Carlos suddenly jumps into my lap. Not being much of a cat guy, I ask Ani what kind of feline he is. “Oh, you know, orange,” she says, followed by spontaneous bursts of laughter from both of us. “Really, I’m not sure; I got him from the pound years ago. He’s quite an extrovert.”

This little distraction provides an opportunity for me to peruse the decor in Ani’s breakfast nook. Amongst the photos, postcards, antique labels, art, and small knick-knack shelves containing religious icons that cover the pictachio-painted wall, is a nightlight with what appears to be the Virgin Mary flexing her biceps – a ready reminder of Ani’s public support, through her music, of women’s rights and feminism. “I just write from my experiences as a woman, and I don’t try to mediate that for some kind of supposed universality based on a male standard,” explains Ani on how the media, particularly male members, tend to wrongly interpret the messages of empowerment in her music, instead reducing her to just another angry girl. “I’ve become a caricature of my anger, when I’m actually so many other things,” she says. “It’s the ultimate irony of my existence, because I am one of the smiliest, happiest, friendliest people I know.”

Because of these misconceptions, and to some extent the radical positions that women were froced to assume decades ago to gain attention to their cause, the term ‘feminist’ has taken on taboo status. “Who has turned feminism into a dirty word?” asks Ani with an understandably incredulous tone. “One of the things that bugs the shit out of me is the fact that we can’t even use the word ‘feminist’ these days.
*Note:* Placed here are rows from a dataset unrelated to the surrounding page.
lemma expectation_offspring_subtree:
  fixes G :: "gw_tree \<Rightarrow> real"
  assumes [measurable]: "G \<in> borel_measurable treeM"
    and "integrable M (\<lambda>\<omega>. G (subtree i (tree \<omega>)))"
  shows "expectation (\<lambda>\<omega>. of_bool (i < fst (X [] \<omega>)) * G (subtree i (tree \<omega>)))
       = expectation (\<lambda>\<omega>. of_bool (i < fst (X [] \<omega>))) * expectation (\<lambda>\<omega>. G (subtree i (tree \<omega>)))"
proof -
  have root_subtree_indep:
    "indep_var (\<Pi>\<^sub>M p\<in>{[]}. offspringM) (\<lambda>\<omega>. restrict (\<lambda>p. X p \<omega>) {[]})
       (\<Pi>\<^sub>M p\<in>range ((#) i). offspringM) (\<lambda>\<omega>. restrict (\<lambda>p. X p \<omega>) (range ((#) i)))"
    by (rule indep_var_restrict[OF indep_X]) auto
  have root_part:
    "(\<lambda>c::gw_tree. of_bool (i < fst (c [])) :: real) \<in> borel_measurable (\<Pi>\<^sub>M p\<in>{[]}. offspringM)"
    unfolding offspringM_def by measurable
  have subtree_part:
    "(\<lambda>c::gw_tree. G (\<lambda>q. c (i # q))) \<in> borel_measurable (\<Pi>\<^sub>M p\<in>range ((#) i). offspringM)"
  proof -
    have "(\<lambda>c::gw_tree. \<lambda>q\<in>UNIV. c (i # q))
        \<in> measurable (\<Pi>\<^sub>M p\<in>range ((#) i). offspringM) treeM"
      by (intro measurable_restrict measurable_component_singleton) auto
    from measurable_compose[OF this assms(1)] show ?thesis unfolding restrict_UNIV .
  qed
  have "indep_var borel (\<lambda>\<omega>. of_bool (i < fst (X [] \<omega>)) :: real)
                     borel (\<lambda>\<omega>. G (subtree i (tree \<omega>)))"
    using indep_var_compose[OF root_subtree_indep root_part subtree_part]
    by (simp add: comp_def subtree_def tree_def)
  from indep_var_lebesgue_integral[OF this integrable_offspring_gt assms(2)] show ?thesis .
qed

lemma sum_expectation_offspring_gt:
  "(\<Sum>i<B. expectation (\<lambda>\<omega>. of_bool (i < fst (X [] \<omega>)))) = 1 / \<rho>"
proof -
  have "(\<Sum>i<B. expectation (\<lambda>\<omega>. of_bool (i < fst (X [] \<omega>)) :: real))
      = expectation (\<lambda>\<omega>. \<Sum>i<B. of_bool (i < fst (X [] \<omega>)))"
    by (rule Bochner_Integration.integral_sum[symmetric]) (rule integrable_offspring_gt)
  also have "\<dots> = expectation (\<lambda>\<omega>. real (fst (X [] \<omega>)))"
  proof (rule Bochner_Integration.integral_cong[OF refl])
    fix \<omega> assume "\<omega> \<in> space M"
    from sum_lessThan_eq_of_bool_mult[OF offspring_le[OF this], of "\<lambda>_. 1::real"]
    show "(\<Sum>i<B. of_bool (i < fst (X [] \<omega>))) = real (fst (X [] \<omega>))"
      by simp
  qed
  finally show ?thesis
    using expected_offspring by simp
qed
It’s been made taboo by a conservative media. The feminist movement in this country is one of the most powerful human liberation movements the planet has seen. We have greater women’s rights here than just about any corner of the globe you look to. The world is so different, and we owe that to feminists, to women who gave their lives to secure these rights. So, to let this sort of conservative culture steal the feminist history from our consciousness and steal the respect from the people who fought and died so we could have such liberty is a travesty.”

Realizing that one of the problems many people fall prey to in these types of discussions is that terms often aren’t clearly defined. I suggest to Ani that we properly define ‘feminism’. “Hold that thought,” she says with a slap on my knee, leaving the breakfast nook to retrieve her dictionary.

And now you’re up to speed. In case you’ve forgotten, Ani has just given us the definition of ‘feminist’ according to Webster’s and followed by asking this simple question: “Now, is that such a scary concept to identify with?”

Good question. In fact, it’s more pertinent than many people – including many women – realize. Consider this: There is a scourge of young women today, refusing to identify themselves as feminists when they obviously are,” says Ani. “That’s largely because we live in a culture that has tried – so far successfully – to squash feminist history, respect of the concept, and as a result, even the word ‘feminism.’ The idea that any young woman who wants to make her own decisions in life is not calling herself a feminist just breaks my heart. They have no idea of the work that feminists did so that they could have the luxury of thinking that their rights are inherent.”